Tillage System, Preceding Crop, and Nitrogen Fertilizer in Wheat Crop

II. Water Utilization

^a Dep. de Ciencias Agroforestales, Univ. of Huelva, Campus de La Rábida, 21819 Palos de la Frontera (Huelva), Spain
^b Dep. de Ciencias y Recursos Agrícolas y Forestales, Univ. of Córdoba, Córdoba, Spain
^c Dep. de Producción Vegetal y Tecnología Agraria, Univ. of Castilla-La Mancha, Spain

^* Corresponding author (rafael.lopez{at}dcaf.uhu.es)

Received for publication January 31, 2006.

	ABSTRACT

TOP ABSTRACT INTRODUCTION MATERIALS AND METHODS RESULTS AND DISCUSSION CONCLUSIONS REFERENCES

 
Under rainfed Mediterranean conditions, where water constitutes the limiting factor, the aim is to obtain the highest production per unit of available water. A 6-yr study in a Vertisol was undertaken to determine in wheat (Triticum aestivum L.) the effects of tillage system, preceding crop, and N fertilizer on water utilization. Tillage treatments were no-tillage and conventional tillage. Preceding crops, in 2-yr rotations, were sunflower (Helianthus annuus L.), chickpea (Cicer arietinum L.), faba bean (Vicia faba L.), fallow, and continuous wheat. The mean crop precipitation interception index (CPI) was low (43%). Rotations including spring-planted crops such as chickpea and sunflower, or including fallow, reduced the CPI, increasing the risk of erosion. The tillage system did not affect any of the parameters studied. Water use efficiency (WUE) ranged from 5 to 14 kg ha^–1 mm^–1. Wheat and sunflower as preceding crops yielded poorer values for productivity and water utilization, while the best results were obtained with faba bean. The highest values of precipitation use efficiency (PUE) and WUE were reached with 100 kg N ha^–1 in all rotations except for wheat–sunflower, which needed 150 kg N ha^–1. The inclusion of faba bean or chickpea in a 2-yr rotation contributes to improve the WUE by wheat crop.
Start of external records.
definition rate_a where "rate_a Y S U k c j = k (cpx2 (Y c) (S c (j - 1)), cpx1 (U c j))"
definition rate_b where "rate_b Y S U k c j = k (cpx1 (U c j), cpx2 (Y c) (S c (j - 1)))"
definition rate_c where "rate_c Y S U k c j = k (cpx1 (U c j), cpx2 (Y c) (S c j))"
definition rate_K where "rate_K Y S U k c j = rate_b Y S U k c j + rate_c Y S U k c j"

definition intermediates where
  "intermediates U L = {U c j | c j. 1 \<le> j \<and> j \<le> L c}"

definition H1 ::
  "('c::finite \<Rightarrow> 's::finite) \<Rightarrow> ('c \<Rightarrow> nat \<Rightarrow> 's) \<Rightarrow> ('c \<Rightarrow> nat \<Rightarrow> 's) \<Rightarrow> ('c \<Rightarrow> nat) \<Rightarrow> bool" where
  "H1 Y S U L \<longleftrightarrow>
     (\<forall>c. 1 \<le> L c) \<and>
     \<comment> \<open>non-intermediates of a component pairwise distinct\<close>
     (\<forall>c. inj_on (S c) {0..L c} \<and> Y c \<notin> S c ` {0..L c}) \<and>
     \<comment> \<open>intermediates distinct throughout the network\<close>
     inj_on (\<lambda>(c, j). U c j) {(c, j). 1 \<le> j \<and> j \<le> L c} \<and>
     \<comment> \<open>intermediates are not non-intermediates of any component\<close>
     (\<forall>c c' j i. 1 \<le> j \<longrightarrow> j \<le> L c \<longrightarrow> i \<le> L c' \<longrightarrow>
        U c j \<noteq> S c' i \<and> U c j \<noteq> Y c') \<and>
     \<comment> \<open>each complex lies in a unique component\<close>
     (\<forall>c c' i i'. c \<noteq> c' \<longrightarrow> i \<le> L c \<longrightarrow> i' \<le> L c' \<longrightarrow>
        cpx2 (Y c) (S c i) \<noteq> cpx2 (Y c') (S c' i')) \<and>
     \<comment> \<open>the species set of the network is exactly the species type\<close>
     (\<forall>s. \<exists>c. s = Y c \<or> (\<exists>i\<le>L c. s = S c i) \<or> (\<exists>j. 1 \<le> j \<and> j \<le> L c \<and> s = U c j))"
Abbreviations: CPI, crop precipitation interception index • PUE, precipitation use efficiency • WU, water use • WUE, water use efficiency

	INTRODUCTION

TOP ABSTRACT INTRODUCTION MATERIALS AND METHODS RESULTS AND DISCUSSION CONCLUSIONS REFERENCES

 
UNDER SPANISH MEDITERRANEAN CONDITIONS, rainfed wheat is planted in late autumn and completes its vegetative stage during mild winter conditions, when water deficit is unusual. The stem elongation–anthesis stage takes place during late winter and early spring when the water supply is very variable. The grain-filling period occurs during late spring when evaporative demand normally exceeds rainfall. Where water constitutes the limiting factor to crop production, the aim is to obtain the greatest amount of growth per unit of available water (Amir et al., 1991). However, measurement and interpretation of WUE in the field is often hampered by the high degree of complexity of these systems, due to season-to-season variability in rainfall, the variation in crop responses to soil types and to agronomic management (Asseng et al., 2001).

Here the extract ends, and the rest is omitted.